Thomas Jefferson's ideal of revolution, that he called the "Spirit of 1776" would become the "Spirit of Everyman." Onuf argues in his introduction that Jefferson's vision of an empire of liberty would not reflect the corruption Jefferson attributed to the British Empire, and the more enlightened people of Europe would embrace this new way of political rule and life. Jefferson's empire would be made up of independent self-ruling people. The American Revolution would transform the world!

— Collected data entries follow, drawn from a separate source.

text \<open>
  A unitary matrix \<open>A\<close> whose characteristic polynomial has a double root \<open>l\<close> (and third root
  \<open>m\<close>) satisfies \<open>(A - l)(A - m) = 0\<close>, by Cayley--Hamilton and normality; so \<open>A - l\<close> is zero
  or \<open>m - l\<close> times a normal idempotent of trace one, i.e. of a rank-one orthogonal projection.
  Thus \<open>A = a I + b u u\<^sup>*\<close> with \<open>a \<noteq> 0\<close> and \<open>u\<close> a unit vector.

  If \<open>A = a I + b u u\<^sup>*\<close>, \<open>B = c I + d v v\<^sup>*\<close> and \<open>AB\<close> all have this shape, then \<open>u\<close> and \<open>v\<close>
  are orthogonal or proportional (otherwise a vector orthogonal to both shows that \<open>AB - e I\<close> has
  rank two), hence \<open>A\<close> and \<open>B\<close> commute. So if no element of the image of \<open>\<rho>\<close> had three
  distinct eigenvalues, the image would be a commuting family of such matrices, and the line of
  any non-scalar member would be invariant.
\<close>

definition cinner :: "complex^3 \<Rightarrow> complex^3 \<Rightarrow> complex" where
  "cinner x y = cnj (x$1) * y$1 + cnj (x$2) * y$2 + cnj (x$3) * y$3"

definition outer :: "complex^3 \<Rightarrow> complex^3^3" where
  "outer u = (\<chi> i j. u$i * cnj (u$j))"

definition principal_minor_sum :: "complex^3^3 \<Rightarrow> complex" where
  "principal_minor_sum A =
     A$1$1 * A$2$2 - A$1$2 * A$2$1 + A$1$1 * A$3$3 - A$1$3 * A$3$1 + A$2$2 * A$3$3 - A$2$3 * A$3$2"

definition normal_matrix :: "complex^3^3 \<Rightarrow> bool" where
  "normal_matrix A \<longleftrightarrow> A ** conj_transpose A = conj_transpose A ** A"

lemma matrix_mult_3_component:
  "((A::complex^3^3) ** B)$i$j = A$i$1 * B$1$j + A$i$2 * B$2$j + A$i$3 * B$3$j"
  by (simp add: matrix_matrix_mult_def sum_3)

lemma matrix_vector_mult_3_component:
  "((A::complex^3^3) *v x)$i = A$i$1 * x$1 + A$i$2 * x$2 + A$i$3 * x$3"
  by (simp add: matrix_vector_mult_def sum_3)

lemma trace_3: "trace (A::complex^3^3) = A$1$1 + A$2$2 + A$3$3"
  by (simp add: trace_def sum_3)

lemma mat_component: "(mat c :: 'a::zero^'n^'n)$i$j = (if i = j then c else 0)"
  by (simp add: mat_def)

lemma conj_transpose_component: "conj_transpose A $ i $ j = cnj (A$j$i)"
  by (simp add: conj_transpose_def)

lemma outer_component: "outer u $ i $ j = u$i * cnj (u$j)"
  by (simp add: outer_def)

lemma distinct_3: "(1::3) \<noteq> 2" "(1::3) \<noteq> 3" "(2::3) \<noteq> 3" "(2::3) \<noteq> 1" "(3::3) \<noteq> 1" "(3::3) \<noteq> 2"
  by simp_all

lemmas component_simps_3 = vector_add_component vector_minus_component vector_uminus_component
  vector_smult_component zero_index matrix_mult_3_component matrix_vector_mult_3_component
  mat_component conj_transpose_component outer_component cinner_def trace_3 distinct_3
  if_True if_False

lemma matrix_diff_ldistrib: "(A::'a::ring_1^'n^'m) ** (B - C) = A ** B - A ** C"
  by (simp add: matrix_matrix_mult_def vec_eq_iff sum_subtractf right_diff_distrib)

lemma matrix_add_rdistrib: "((A::'a::semiring_1^'n^'m) + B) ** C = A ** C + B ** C"
  by (simp add: matrix_matrix_mult_def vec_eq_iff sum.distrib distrib_right)

lemma matrix_diff_rdistrib: "((A::'a::ring_1^'n^'m) - B) ** C = A ** C - B ** C"
  by (simp add: matrix_matrix_mult_def vec_eq_iff sum_subtractf left_diff_distrib)

lemma mat_diff_mat: "mat a - mat b = (mat (a - b) :: 'a::ring_1^'n^'n)"
  by (simp add: mat_def vec_eq_iff)

lemma matrix_mul_mat_commute: "A ** mat a = mat a ** (A::complex^3^3)"
  unfolding vec_eq_iff forall_3 by (simp only: component_simps_3, simp)

lemma mat_mult_mat: "mat a ** mat b = (mat (a * b) :: complex^3^3)"
  unfolding vec_eq_iff forall_3 by (simp only: component_simps_3, simp)

lemma trace_mat_mult: "trace (mat c ** A) = c * trace (A::complex^3^3)"
  by (simp only: component_simps_3, simp add: algebra_simps)

lemma matrix_mul_mat_left_commute:
  fixes A B :: "complex^3^3"
  shows "A ** (mat c ** B) = mat c ** (A ** B)"
  by (simp add: matrix_mul_assoc matrix_mul_mat_commute[of A c])


lemma mat_mult_mat_mult: "mat a ** (mat b ** A) = mat (a * b) ** (A::complex^3^3)"
  by (simp only: matrix_mul_assoc mat_mult_mat)

lemma conj_transpose_mult: "conj_transpose (A ** B) = conj_transpose B ** conj_transpose A"
  unfolding vec_eq_iff forall_3 by (simp only: component_simps_3, simp add: algebra_simps)

lemma conj_transpose_diff: "conj_transpose (A - B) = conj_transpose A - conj_transpose B"
  by (simp add: conj_transpose_def vec_eq_iff)

lemma conj_transpose_mat: "conj_transpose (mat c) = mat (cnj c)"
  by (simp add: conj_transpose_def mat_def vec_eq_iff)

lemma conj_transpose_conj_transpose [simp]: "conj_transpose (conj_transpose A) = A"
  by (simp add: conj_transpose_def vec_eq_iff)

lemma conj_transpose_outer: "conj_transpose (outer u) = outer u"
  by (simp add: conj_transpose_def outer_def vec_eq_iff mult.commute)

lemma trace_conj_transpose_mult_self:
  "trace (conj_transpose X ** X) = of_real (\<Sum>j\<in>UNIV. \<Sum>i\<in>UNIV. (cmod (X$i$j))\<^sup>2)"
  by (simp add: trace_def matrix_matrix_mult_def conj_transpose_def of_real_sum
      complex_norm_square[symmetric] mult.commute del: of_real_power)

lemma trace_conj_transpose_mult_self_eq_0:
  assumes "trace (conj_transpose X ** X) = 0"
  shows "X = 0"
proof -
  have "(\<Sum>j\<in>UNIV. \<Sum>i\<in>UNIV. (cmod (X$i$j))\<^sup>2) = 0"
    using assms by (simp only: trace_conj_transpose_mult_self of_real_eq_0_iff)
  then have "(cmod (X$i$j))\<^sup>2 = 0" for i j
    by (simp add: sum_nonneg_eq_0_iff sum_nonneg)
  then show ?thesis
    by (simp add: vec_eq_iff)
qed

lemma conj_transpose_mult_self_eq_0_iff: "conj_transpose X ** X = 0 \<longleftrightarrow> X = 0"
  by (metis mat_0 trace_0 times0_right trace_conj_transpose_mult_self_eq_0)

lemma cinner_self: "cinner v v = of_real (\<Sum>i\<in>UNIV. (cmod (v$i))\<^sup>2)"
  by (simp add: cinner_def sum_3 complex_norm_square[symmetric] mult.commute del: of_real_power)

lemma cinner_self_eq_0_iff: "cinner v v = 0 \<longleftrightarrow> v = 0"
proof
  assume "cinner v v = 0"
  then have "(\<Sum>i\<in>UNIV. (cmod (v$i))\<^sup>2) = 0"
    by (simp only: cinner_self of_real_eq_0_iff)
  then show "v = 0"
    by (simp add: sum_nonneg_eq_0_iff vec_eq_iff)
qed (simp add: cinner_def)

lemma cinner_smult_self: "cinner (c *s v) (c *s v) = c * cnj c * cinner v v"
  by (simp add: cinner_def algebra_simps)

lemma cinner_commute: "cinner y x = cnj (cinner x y)"
  by (simp add: cinner_def)

lemma cinner_add_right: "cinner x (y + y') = cinner x y + cinner x y'"
  by (simp add: cinner_def algebra_simps)

lemma cinner_diff_right: "cinner x (y - y') = cinner x y - cinner x y'"
  by (simp add: cinner_def algebra_simps)

lemma cinner_smult_right: "cinner x (c *s y) = c * cinner x y"
  by (simp add: cinner_def algebra_simps)

lemma cinner_zero_right: "cinner x 0 = 0"
  by (simp add: cinner_def)

lemma mat_mult_vector: "(mat a :: complex^3^3) *v x = a *s x"
  unfolding vec_eq_iff forall_3 by (simp only: component_simps_3, simp)

lemma outer_mult_vector: "outer u *v x = cinner u x *s u"
  unfolding vec_eq_iff forall_3 by (simp only: component_simps_3, simp add: algebra_simps)

section \<open>The characteristic polynomial\<close>

lemma eigenvalues3_iff_det: "c \<in> eigenvalues3 A \<longleftrightarrow> det (A - mat c) = 0"
proof -
  have kernel: "det M = 0 \<longleftrightarrow> (\<exists>x. x \<noteq> 0 \<and> M *v x = 0)" for M :: "complex^3^3"
    by (metis invertible_det_nz invertible_left_inverse matrix_left_invertible_ker)
  have "(A - mat c) *v x = A *v x - c *s x" for x
    unfolding vec_eq_iff forall_3 by (simp only: component_simps_3, simp add: algebra_simps)
  then show ?thesis
    unfolding eigenvalues3_def kernel by auto
qed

In Onuf's first chapter, "We shall all be Americans," Thomas Jefferson was referring to the American Indians, whom he idealized as natural republicans when they were in their "natural state" and uncorrupted by the British. Jefferson accused the British of being guilty of misguiding and misleading the natives in their mutual quest to fight and overcome the American colonists. In his second chapter, titled Republican Empire, Onuf's illustrates his argument that Thomas Jefferson's vision of an "American Empire" is founded in his experience of the American Revolution. Jefferson believed that a republican empire that avoided a central metropolitan power would be less self-serving, less onerously oppressive and less threatening to liberty. Onuf states, "Banishing metropolitan power from the New World, Jefferson imagined a great nation, a dynamic and expansive union of free peoples."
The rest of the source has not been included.